**Exercise:**
Only the lines that hold the word "intro" are wanted from this listing.

**Provided entries:**

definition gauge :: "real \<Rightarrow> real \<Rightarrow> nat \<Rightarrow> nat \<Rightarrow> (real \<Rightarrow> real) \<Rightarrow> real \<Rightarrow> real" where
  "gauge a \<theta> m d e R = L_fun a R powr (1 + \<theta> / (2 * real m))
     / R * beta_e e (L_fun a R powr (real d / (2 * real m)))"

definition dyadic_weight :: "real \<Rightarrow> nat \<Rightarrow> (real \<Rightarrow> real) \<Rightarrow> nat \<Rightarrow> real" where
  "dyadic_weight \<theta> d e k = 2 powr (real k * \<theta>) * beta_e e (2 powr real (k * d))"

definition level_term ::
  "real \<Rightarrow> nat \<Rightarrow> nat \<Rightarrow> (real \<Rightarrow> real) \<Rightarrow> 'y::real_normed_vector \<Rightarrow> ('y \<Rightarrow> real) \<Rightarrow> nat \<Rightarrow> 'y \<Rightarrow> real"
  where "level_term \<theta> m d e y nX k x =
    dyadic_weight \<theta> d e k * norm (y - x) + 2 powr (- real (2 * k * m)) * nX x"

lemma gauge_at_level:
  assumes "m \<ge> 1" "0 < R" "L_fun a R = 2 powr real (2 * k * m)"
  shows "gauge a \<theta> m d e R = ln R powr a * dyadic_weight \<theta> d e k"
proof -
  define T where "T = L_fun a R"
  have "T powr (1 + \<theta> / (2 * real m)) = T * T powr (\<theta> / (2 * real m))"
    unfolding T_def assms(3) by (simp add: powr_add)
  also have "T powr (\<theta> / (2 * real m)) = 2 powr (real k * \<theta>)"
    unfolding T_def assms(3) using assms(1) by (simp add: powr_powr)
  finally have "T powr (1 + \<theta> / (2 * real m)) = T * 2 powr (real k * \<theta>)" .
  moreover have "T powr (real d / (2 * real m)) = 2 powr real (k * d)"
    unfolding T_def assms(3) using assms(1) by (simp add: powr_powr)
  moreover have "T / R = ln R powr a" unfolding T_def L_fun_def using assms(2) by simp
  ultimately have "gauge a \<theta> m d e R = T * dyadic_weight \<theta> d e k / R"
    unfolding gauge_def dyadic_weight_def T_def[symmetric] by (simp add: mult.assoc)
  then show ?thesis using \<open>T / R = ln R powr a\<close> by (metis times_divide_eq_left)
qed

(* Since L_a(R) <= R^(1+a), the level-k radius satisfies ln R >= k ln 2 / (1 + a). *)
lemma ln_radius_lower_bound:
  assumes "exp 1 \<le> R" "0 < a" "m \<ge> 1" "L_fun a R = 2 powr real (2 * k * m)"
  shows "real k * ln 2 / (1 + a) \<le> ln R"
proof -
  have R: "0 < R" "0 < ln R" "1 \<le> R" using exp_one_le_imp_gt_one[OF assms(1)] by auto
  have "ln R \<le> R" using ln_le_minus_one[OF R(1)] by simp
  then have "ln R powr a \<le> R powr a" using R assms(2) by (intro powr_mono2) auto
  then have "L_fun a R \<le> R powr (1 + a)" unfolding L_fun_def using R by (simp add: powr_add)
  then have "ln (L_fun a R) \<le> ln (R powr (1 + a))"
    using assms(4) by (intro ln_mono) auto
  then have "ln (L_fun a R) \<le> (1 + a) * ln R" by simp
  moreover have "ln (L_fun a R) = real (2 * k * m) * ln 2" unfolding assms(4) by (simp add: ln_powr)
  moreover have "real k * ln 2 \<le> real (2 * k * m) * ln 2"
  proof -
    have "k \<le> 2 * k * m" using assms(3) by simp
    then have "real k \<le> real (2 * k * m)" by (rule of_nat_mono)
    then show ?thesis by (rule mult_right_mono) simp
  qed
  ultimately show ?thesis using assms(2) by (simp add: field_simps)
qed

---

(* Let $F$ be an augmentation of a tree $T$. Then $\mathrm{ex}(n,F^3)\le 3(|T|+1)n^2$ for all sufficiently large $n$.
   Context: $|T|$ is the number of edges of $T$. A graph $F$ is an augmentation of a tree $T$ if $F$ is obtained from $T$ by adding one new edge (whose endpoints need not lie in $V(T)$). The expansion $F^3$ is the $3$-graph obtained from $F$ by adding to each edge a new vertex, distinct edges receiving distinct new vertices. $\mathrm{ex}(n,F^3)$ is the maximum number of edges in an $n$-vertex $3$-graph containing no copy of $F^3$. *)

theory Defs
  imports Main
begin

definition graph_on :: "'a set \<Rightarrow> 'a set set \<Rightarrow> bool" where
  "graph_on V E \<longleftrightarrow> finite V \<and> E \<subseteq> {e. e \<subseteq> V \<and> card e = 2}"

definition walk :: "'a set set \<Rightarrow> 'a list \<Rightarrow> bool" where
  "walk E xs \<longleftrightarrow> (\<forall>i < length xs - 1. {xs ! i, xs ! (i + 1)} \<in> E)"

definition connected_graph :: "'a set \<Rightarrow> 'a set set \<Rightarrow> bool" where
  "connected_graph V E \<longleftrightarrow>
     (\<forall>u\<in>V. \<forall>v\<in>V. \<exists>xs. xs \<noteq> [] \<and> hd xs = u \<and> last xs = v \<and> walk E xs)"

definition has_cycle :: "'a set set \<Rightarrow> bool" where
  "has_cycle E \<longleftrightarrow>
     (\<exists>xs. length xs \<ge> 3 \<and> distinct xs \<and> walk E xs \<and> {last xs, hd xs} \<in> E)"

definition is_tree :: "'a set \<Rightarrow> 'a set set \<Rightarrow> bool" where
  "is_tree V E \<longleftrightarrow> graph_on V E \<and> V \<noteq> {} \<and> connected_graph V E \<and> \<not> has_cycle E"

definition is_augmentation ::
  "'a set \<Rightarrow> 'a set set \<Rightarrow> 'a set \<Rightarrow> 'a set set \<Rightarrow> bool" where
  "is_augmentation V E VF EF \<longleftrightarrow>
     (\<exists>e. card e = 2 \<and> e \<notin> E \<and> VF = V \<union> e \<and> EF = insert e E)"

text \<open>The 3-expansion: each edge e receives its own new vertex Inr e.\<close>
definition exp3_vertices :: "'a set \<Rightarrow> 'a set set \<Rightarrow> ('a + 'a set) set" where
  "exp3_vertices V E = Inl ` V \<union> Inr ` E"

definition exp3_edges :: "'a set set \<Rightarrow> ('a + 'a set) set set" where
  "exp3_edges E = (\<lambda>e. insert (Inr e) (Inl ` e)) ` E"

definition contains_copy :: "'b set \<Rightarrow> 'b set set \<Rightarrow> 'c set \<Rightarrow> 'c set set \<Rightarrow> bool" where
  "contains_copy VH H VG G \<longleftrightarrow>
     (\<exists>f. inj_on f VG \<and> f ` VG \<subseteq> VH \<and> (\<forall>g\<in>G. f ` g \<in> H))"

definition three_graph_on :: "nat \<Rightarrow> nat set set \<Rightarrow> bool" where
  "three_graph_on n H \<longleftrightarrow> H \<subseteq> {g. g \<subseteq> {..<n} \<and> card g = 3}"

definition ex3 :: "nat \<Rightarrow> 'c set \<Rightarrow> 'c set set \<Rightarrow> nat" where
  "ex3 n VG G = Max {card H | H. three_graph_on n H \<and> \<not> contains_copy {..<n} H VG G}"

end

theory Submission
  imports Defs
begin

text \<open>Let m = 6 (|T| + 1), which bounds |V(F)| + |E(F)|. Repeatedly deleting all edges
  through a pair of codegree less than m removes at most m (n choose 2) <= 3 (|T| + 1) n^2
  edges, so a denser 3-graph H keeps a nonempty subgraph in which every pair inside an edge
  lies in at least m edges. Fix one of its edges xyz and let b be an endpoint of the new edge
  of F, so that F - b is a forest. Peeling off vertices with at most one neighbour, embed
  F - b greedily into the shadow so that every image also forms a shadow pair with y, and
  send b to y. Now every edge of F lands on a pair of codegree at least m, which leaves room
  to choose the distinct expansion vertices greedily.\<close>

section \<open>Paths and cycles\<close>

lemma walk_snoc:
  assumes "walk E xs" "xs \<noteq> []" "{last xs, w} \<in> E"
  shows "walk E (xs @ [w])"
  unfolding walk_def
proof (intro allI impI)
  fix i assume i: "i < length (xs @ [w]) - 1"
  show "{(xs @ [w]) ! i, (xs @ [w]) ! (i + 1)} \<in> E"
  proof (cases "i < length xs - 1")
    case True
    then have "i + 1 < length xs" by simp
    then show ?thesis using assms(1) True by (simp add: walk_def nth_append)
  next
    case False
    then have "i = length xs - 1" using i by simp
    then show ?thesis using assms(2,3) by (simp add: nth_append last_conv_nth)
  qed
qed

---

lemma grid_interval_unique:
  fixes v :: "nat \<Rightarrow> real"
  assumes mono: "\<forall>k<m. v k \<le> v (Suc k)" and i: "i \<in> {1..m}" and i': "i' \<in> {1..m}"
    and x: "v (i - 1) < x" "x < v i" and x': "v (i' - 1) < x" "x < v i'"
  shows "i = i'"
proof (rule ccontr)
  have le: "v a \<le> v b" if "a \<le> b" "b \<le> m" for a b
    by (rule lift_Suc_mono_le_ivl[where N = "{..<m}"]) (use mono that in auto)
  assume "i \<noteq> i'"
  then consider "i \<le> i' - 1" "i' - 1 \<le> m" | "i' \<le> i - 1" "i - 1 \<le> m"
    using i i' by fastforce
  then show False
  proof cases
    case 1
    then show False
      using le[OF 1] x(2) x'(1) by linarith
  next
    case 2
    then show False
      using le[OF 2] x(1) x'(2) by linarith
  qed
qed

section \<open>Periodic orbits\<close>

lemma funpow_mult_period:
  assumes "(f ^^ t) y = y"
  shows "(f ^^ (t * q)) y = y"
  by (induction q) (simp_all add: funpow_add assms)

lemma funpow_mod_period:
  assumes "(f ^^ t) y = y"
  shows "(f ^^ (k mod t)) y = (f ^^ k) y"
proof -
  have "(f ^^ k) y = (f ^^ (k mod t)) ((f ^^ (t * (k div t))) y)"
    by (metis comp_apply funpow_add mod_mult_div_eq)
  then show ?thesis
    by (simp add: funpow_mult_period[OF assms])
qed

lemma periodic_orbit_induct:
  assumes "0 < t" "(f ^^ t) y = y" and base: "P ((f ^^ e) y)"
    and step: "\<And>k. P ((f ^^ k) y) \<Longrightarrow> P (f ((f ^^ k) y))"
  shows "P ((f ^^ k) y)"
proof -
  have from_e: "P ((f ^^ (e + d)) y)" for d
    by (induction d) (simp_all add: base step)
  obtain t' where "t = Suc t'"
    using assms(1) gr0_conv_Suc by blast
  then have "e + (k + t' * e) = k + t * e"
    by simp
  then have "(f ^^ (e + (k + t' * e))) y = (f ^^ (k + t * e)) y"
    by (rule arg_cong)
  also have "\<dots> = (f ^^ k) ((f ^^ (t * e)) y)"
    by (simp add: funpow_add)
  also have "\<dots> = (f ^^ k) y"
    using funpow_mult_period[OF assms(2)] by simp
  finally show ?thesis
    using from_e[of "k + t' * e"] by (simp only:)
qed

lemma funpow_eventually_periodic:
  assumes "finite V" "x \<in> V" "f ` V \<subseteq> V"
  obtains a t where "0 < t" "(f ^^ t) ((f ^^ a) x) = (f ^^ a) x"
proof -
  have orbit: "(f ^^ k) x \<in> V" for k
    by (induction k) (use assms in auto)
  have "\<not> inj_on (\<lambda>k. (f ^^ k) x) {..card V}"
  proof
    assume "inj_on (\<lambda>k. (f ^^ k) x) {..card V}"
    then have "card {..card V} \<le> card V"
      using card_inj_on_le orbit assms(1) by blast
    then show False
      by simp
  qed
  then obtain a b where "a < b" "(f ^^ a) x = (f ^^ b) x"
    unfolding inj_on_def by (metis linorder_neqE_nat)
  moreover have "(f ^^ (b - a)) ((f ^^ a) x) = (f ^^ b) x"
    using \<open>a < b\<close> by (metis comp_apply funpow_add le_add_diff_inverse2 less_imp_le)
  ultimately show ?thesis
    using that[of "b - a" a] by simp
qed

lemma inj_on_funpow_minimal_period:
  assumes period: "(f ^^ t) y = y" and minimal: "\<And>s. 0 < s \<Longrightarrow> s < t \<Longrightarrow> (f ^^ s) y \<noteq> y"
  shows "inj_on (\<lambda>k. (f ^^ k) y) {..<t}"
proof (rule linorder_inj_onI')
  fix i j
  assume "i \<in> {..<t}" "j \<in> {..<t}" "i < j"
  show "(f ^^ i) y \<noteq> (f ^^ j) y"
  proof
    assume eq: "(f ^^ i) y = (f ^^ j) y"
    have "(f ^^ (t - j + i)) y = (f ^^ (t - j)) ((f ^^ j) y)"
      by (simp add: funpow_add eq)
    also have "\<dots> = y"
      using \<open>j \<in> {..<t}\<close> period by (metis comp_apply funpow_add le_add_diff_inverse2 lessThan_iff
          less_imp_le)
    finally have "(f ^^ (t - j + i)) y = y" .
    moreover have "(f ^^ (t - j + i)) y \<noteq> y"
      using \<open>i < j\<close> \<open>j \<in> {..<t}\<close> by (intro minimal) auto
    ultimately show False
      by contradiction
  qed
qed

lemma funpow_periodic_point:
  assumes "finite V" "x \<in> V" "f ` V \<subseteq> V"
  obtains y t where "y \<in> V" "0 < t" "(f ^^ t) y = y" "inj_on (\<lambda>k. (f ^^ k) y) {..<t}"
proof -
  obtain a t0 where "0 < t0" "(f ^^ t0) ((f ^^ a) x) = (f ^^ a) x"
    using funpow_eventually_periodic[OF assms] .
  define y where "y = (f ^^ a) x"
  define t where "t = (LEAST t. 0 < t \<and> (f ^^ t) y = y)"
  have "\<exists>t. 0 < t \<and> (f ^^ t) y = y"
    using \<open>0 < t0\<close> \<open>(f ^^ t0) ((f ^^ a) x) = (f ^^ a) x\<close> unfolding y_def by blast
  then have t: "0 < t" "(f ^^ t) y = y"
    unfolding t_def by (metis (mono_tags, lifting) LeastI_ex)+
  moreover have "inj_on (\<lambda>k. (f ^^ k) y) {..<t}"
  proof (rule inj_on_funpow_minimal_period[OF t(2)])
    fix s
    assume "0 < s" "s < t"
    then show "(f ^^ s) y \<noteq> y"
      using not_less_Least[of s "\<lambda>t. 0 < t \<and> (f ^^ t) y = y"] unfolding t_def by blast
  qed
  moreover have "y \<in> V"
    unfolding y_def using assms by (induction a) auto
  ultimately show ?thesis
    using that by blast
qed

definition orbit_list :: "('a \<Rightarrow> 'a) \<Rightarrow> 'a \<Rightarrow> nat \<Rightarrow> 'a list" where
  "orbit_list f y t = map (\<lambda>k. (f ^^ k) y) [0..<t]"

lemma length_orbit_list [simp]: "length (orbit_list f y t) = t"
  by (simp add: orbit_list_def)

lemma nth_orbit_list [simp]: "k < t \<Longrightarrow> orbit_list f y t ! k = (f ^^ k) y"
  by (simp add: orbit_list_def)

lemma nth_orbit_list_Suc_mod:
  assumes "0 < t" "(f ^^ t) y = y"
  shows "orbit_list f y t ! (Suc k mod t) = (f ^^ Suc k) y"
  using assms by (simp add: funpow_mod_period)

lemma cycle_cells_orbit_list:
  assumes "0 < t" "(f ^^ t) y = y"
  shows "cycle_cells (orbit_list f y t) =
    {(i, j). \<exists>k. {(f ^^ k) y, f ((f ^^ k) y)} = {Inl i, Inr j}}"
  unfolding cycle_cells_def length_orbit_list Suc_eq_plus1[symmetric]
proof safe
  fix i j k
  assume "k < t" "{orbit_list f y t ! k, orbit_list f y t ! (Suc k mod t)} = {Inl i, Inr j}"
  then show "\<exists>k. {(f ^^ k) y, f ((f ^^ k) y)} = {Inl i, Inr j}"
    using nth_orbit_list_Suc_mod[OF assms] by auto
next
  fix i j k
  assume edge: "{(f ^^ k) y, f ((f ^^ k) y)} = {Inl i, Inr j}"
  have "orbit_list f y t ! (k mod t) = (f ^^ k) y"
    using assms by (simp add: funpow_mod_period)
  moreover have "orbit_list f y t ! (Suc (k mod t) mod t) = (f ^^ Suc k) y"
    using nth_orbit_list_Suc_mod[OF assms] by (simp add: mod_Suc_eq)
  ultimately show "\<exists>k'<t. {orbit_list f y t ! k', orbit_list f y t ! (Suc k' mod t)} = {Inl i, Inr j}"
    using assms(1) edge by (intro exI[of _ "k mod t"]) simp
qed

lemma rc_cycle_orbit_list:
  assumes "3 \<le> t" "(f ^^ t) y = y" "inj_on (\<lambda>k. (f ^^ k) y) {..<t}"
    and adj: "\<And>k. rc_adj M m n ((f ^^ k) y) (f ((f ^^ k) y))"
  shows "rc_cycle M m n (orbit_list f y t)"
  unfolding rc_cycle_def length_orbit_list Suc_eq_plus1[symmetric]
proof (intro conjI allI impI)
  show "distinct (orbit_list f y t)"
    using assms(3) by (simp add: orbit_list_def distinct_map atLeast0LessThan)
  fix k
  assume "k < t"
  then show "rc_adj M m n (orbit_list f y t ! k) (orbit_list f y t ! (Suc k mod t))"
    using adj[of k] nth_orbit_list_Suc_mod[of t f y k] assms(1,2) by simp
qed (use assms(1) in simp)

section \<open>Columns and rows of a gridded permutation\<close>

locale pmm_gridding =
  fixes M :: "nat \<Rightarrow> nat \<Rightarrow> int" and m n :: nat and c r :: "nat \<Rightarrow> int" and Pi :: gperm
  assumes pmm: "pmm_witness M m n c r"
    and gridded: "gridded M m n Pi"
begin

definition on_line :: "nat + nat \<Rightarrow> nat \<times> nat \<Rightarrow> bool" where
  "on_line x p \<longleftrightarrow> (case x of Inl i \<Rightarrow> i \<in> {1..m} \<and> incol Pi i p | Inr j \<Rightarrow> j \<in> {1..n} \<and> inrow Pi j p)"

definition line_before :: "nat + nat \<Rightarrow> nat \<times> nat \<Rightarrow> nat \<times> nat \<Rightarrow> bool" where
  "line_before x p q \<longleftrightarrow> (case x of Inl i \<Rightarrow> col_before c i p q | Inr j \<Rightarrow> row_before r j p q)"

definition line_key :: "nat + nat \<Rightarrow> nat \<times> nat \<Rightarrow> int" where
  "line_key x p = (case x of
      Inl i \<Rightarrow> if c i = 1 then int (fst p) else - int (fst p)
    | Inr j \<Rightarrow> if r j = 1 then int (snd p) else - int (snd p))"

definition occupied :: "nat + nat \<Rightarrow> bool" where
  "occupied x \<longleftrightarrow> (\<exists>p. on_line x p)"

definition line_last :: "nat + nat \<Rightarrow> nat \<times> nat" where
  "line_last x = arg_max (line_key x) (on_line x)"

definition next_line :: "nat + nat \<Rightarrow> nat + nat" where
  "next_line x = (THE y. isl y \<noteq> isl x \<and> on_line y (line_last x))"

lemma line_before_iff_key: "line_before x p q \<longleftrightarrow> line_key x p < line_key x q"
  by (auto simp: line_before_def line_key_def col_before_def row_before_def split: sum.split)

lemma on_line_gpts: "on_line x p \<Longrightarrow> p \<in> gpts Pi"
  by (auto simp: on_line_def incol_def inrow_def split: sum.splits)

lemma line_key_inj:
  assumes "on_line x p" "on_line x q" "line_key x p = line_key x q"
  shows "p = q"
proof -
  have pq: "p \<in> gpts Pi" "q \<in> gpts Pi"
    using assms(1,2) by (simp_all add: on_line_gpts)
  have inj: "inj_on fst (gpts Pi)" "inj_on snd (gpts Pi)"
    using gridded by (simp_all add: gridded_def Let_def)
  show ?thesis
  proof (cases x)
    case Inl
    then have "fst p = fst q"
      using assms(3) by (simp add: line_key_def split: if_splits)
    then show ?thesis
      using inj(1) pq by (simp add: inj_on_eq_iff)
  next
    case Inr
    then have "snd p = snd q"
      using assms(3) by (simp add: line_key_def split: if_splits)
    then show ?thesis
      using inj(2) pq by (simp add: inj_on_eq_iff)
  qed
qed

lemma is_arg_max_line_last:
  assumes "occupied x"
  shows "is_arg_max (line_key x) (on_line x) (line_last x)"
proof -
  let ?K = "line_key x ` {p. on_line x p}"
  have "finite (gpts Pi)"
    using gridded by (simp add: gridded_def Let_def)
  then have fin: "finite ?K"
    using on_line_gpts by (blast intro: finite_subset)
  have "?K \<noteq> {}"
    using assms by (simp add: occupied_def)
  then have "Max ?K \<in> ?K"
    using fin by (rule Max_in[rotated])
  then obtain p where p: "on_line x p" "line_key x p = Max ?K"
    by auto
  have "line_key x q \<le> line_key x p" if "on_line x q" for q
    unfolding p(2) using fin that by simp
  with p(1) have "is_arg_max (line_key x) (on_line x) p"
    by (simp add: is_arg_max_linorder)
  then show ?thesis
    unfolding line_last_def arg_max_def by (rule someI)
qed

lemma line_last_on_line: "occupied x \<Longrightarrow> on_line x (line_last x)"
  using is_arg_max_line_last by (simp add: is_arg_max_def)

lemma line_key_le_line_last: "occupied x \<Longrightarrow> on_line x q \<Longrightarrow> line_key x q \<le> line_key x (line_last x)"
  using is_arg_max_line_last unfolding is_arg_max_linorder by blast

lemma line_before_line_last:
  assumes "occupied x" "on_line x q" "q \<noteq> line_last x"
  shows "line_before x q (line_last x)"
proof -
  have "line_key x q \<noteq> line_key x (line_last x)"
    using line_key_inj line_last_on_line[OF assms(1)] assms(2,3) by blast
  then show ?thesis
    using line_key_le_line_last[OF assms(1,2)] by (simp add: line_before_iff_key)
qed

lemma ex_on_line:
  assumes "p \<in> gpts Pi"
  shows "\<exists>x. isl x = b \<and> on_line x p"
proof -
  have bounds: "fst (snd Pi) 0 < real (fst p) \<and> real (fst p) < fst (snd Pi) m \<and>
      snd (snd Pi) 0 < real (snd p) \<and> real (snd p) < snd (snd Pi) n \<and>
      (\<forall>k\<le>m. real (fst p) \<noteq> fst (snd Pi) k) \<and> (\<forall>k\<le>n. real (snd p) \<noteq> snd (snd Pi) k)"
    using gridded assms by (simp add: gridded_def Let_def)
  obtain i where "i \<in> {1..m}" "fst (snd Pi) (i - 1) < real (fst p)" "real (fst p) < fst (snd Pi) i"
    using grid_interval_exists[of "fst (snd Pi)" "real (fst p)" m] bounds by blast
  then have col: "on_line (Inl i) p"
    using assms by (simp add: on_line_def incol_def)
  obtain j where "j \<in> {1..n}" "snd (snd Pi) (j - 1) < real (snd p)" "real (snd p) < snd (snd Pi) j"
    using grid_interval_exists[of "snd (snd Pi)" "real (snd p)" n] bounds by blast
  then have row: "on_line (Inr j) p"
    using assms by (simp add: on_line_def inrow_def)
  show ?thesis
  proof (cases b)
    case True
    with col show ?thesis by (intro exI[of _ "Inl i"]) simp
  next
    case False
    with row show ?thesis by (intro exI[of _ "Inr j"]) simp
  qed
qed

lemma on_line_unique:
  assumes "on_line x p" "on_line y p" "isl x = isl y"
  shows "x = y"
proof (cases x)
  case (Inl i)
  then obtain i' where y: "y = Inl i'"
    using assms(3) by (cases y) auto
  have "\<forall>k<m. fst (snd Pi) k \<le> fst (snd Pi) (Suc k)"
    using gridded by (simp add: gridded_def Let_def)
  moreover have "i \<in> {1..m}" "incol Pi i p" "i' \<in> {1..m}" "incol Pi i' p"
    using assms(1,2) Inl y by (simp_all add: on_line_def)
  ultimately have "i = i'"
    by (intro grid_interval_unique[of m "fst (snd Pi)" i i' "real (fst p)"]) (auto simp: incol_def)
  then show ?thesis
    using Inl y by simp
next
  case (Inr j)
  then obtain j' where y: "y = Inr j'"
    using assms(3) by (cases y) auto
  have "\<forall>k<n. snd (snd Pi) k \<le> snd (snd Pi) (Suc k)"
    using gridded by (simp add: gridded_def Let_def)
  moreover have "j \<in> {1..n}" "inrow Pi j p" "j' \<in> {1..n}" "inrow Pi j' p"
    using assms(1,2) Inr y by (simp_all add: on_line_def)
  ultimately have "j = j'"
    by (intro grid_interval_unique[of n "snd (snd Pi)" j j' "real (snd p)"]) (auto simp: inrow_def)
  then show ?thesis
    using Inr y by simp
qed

**Result:**
  then have "ln R powr a \<le> R powr a" using R assms(2) by (intro powr_mono2) auto
    using assms(4) by (intro ln_mono) auto
proof (intro allI impI)
      using \<open>i < j\<close> \<open>j \<in> {..<t}\<close> by (intro minimal) auto
    using assms(1) edge by (intro exI[of _ "k mod t"]) simp
proof (intro conjI allI impI)
    using on_line_gpts by (blast intro: finite_subset)
    with col show ?thesis by (intro exI[of _ "Inl i"]) simp
    with row show ?thesis by (intro exI[of _ "Inr j"]) simp
    by (intro grid_interval_unique[of m "fst (snd Pi)" i i' "real (fst p)"]) (auto simp: incol_def)
    by (intro grid_interval_unique[of n "snd (snd Pi)" j j' "real (snd p)"]) (auto simp: inrow_def)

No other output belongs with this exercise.